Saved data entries
--*--

text \<open>Here g and g' play the roles of floor(j e/p) and floor((j + 1) e/p). For e \<ge> p the slack
  e (X - j) \<ge> 2 e absorbs X (g' - g); otherwise g' - g \<le> 1, and a jump is handled by
  floor_jump_bound.\<close>
lemma floor_multiple_increment_bound:
  fixes p j e g g' X :: int
  assumes j1: "j \<ge> 1" and jp: "2*j+3 \<le> p" and X: "X = p-1-j" and e0: "e \<ge> 0"
    and g1: "p*g \<le> j*e" and g2: "j*e < p*g + p"
    and h1: "p*g' \<le> (j+1)*e" and h2: "(j+1)*e < p*g' + p"
  shows "e*X + (X+1)*g \<ge> e*j + X*g'"
proof -
  have p0: "p > 0" and X0: "X \<ge> 0" and Xj: "X - j \<ge> 2"
    using j1 jp X by simp_all
  have pM: "p*(g'-g) \<le> e + p - 1"
    using g2 h1 by (simp add: algebra_simps)
  have "p*(-1) < p*g"
    using g2 j1 e0 by (smt (verit) mult_nonneg_nonneg)
  hence "-1 < g"
    using p0 by (subst (asm) mult_less_cancel_left_pos) auto
  hence g0: "g \<ge> 0"
    by simp
  have "p*g < p*(g'+1)"
    using g1 h2 e0 by (simp add: algebra_simps)
  hence gle: "g \<le> g'"
    using p0 by (simp add: mult_less_cancel_left_pos)
  show ?thesis
  proof (cases "e \<ge> p")
    case True
    have "e*(X-j) \<ge> e*2"
      using Xj e0 by (intro mult_left_mono) auto
    hence "e*X - e*j \<ge> 2*e"
      by (simp add: right_diff_distrib)
    hence "e*X - X - j*e - 1 \<ge> 0"
      using True X j1 jp by (simp add: mult.commute)
    hence "(p-1)*(e*X - X - j*e - 1) \<ge> 0"
      using p0 by (intro mult_nonneg_nonneg) auto
    moreover have "X*(p*(g'-g)) \<le> X*(e+p-1)"
      using pM X0 by (intro mult_left_mono) auto
    ultimately have "p*(X*(e - (g'-g))) \<ge> p*(e*j - g)"
      using g2 by (simp add: algebra_simps)
    hence "X*(e - (g'-g)) \<ge> e*j - g"
      using p0 by (simp add: mult_le_cancel_left_pos)
    thus ?thesis by (simp add: algebra_simps)
  next
    case False
    have "p*(g'-g) < p*2"
      using pM False by simp
    hence "g'-g < 2"
      using p0 by (simp add: mult_less_cancel_left_pos)
    hence "g' = g \<or> g' = g+1"
      using gle by auto
    thus ?thesis
    proof
      assume "g' = g"
      moreover have "e*X \<ge> e*j"
        using X jp e0 by (intro mult_left_mono) auto
      ultimately show ?thesis
        using g0 by (simp add: algebra_simps)
    next
      assume gg: "g' = g+1"
      have "(X-j)*(e-1) \<ge> j - g' + 1"
        by (rule floor_jump_bound[of j "X-j" p e g'])
          (use j1 jp X g2 h1 gg g0 in \<open>auto simp: algebra_simps\<close>)
      thus ?thesis
        using gg by (simp add: algebra_simps)
    qed
  qed
qed
lemma mu_c_sqrt_expansion:
  "\<exists>K>0. (\<lambda>\<epsilon>. mu_c r k (c_rk r k + \<epsilon>) - mu_rk r k - K * sqrt \<epsilon>) \<in> O[at_right 0](\<lambda>\<epsilon>. \<epsilon>)"
proof -
  obtain A \<rho> L where "A > 0" "\<rho> > 0" and expansion: "\<And>s. 0 \<le> s \<Longrightarrow> s \<le> \<rho> \<Longrightarrow>
      \<bar>scaled_h r k (mu_crit + s) - scaled_h r k mu_crit - A/2 * s\<^sup>2\<bar> \<le> L * s ^ 3"
    using scaled_h_quadratic_expansion by blast
  have "(\<lambda>\<epsilon>. mu_c r k (c_rk r k + \<epsilon>) - mu_crit - sqrt (2/A) * sqrt \<epsilon>) \<in> O[at_right 0](\<lambda>\<epsilon>. \<epsilon>)"
    using mu_c_spec scaled_h_strict_mono
    by (intro inverse_sqrt_expansion[OF \<open>A > 0\<close> \<open>\<rho> > 0\<close> expansion]) (auto simp: c_rk_eq)
  then show ?thesis
    using \<open>A > 0\<close> by (intro exI[of _ "sqrt (2/A)"]) (simp add: mu_rk_eq)
qed

lemma mu_rk_pos: "mu_rk r k > 0"
  using mu_crit(1) by (simp add: mu_rk_eq)

lemma alpha_c_sqrt_expansion:
  assumes "K > 0"
    and mu: "(\<lambda>\<epsilon>. mu_c r k (c_rk r k + \<epsilon>) - mu_rk r k - K * sqrt \<epsilon>) \<in> O[at_right 0](\<lambda>\<epsilon>. \<epsilon>)"
  shows "\<exists>K'>0. (\<lambda>\<epsilon>. alpha_c r k (c_rk r k + \<epsilon>) - alpha_rk r k - K' * sqrt \<epsilon>) \<in> O[at_right 0](\<lambda>\<epsilon>. \<epsilon>)"
proof -
  obtain D where D: "DERIV (ftail_deriv (Suc k)) (mu_rk r k) :> D"
    using ftail_deriv_differentiable by blast
  have "DERIV (ftail k) x :> ftail_deriv (Suc k) x" for x
    using DERIV_ftail_pred[of "Suc k" x] k2 by simp
  from sqrt_expansion_compose[OF mu zero_less_one this D]
  have "(\<lambda>\<epsilon>. alpha_c r k (c_rk r k + \<epsilon>) - alpha_rk r k - ftail_deriv (Suc k) (mu_rk r k) * K * sqrt \<epsilon>)
      \<in> O[at_right 0](\<lambda>\<epsilon>. \<epsilon>)"
    by (simp only: alpha_c_def alpha_rk_def)
  moreover have "ftail_deriv (Suc k) (mu_rk r k) * K > 0"
    using ftail_deriv_pos[of "Suc k" "mu_rk r k"] k2 mu_rk_pos \<open>K > 0\<close> by simp
  ultimately show ?thesis
    by blast
qed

--*--

• _What the task requires_:
In the entries above, find each line containing the string "intro" and copy it.

• _Solution to this problem_:
      using Xj e0 by (intro mult_left_mono) auto
      using p0 by (intro mult_nonneg_nonneg) auto
      using pM X0 by (intro mult_left_mono) auto
        using X jp e0 by (intro mult_left_mono) auto
    by (intro inverse_sqrt_expansion[OF \<open>A > 0\<close> \<open>\<rho> > 0\<close> expansion]) (auto simp: c_rk_eq)
    using \<open>A > 0\<close> by (intro exI[of _ "sqrt (2/A)"]) (simp add: mu_rk_eq)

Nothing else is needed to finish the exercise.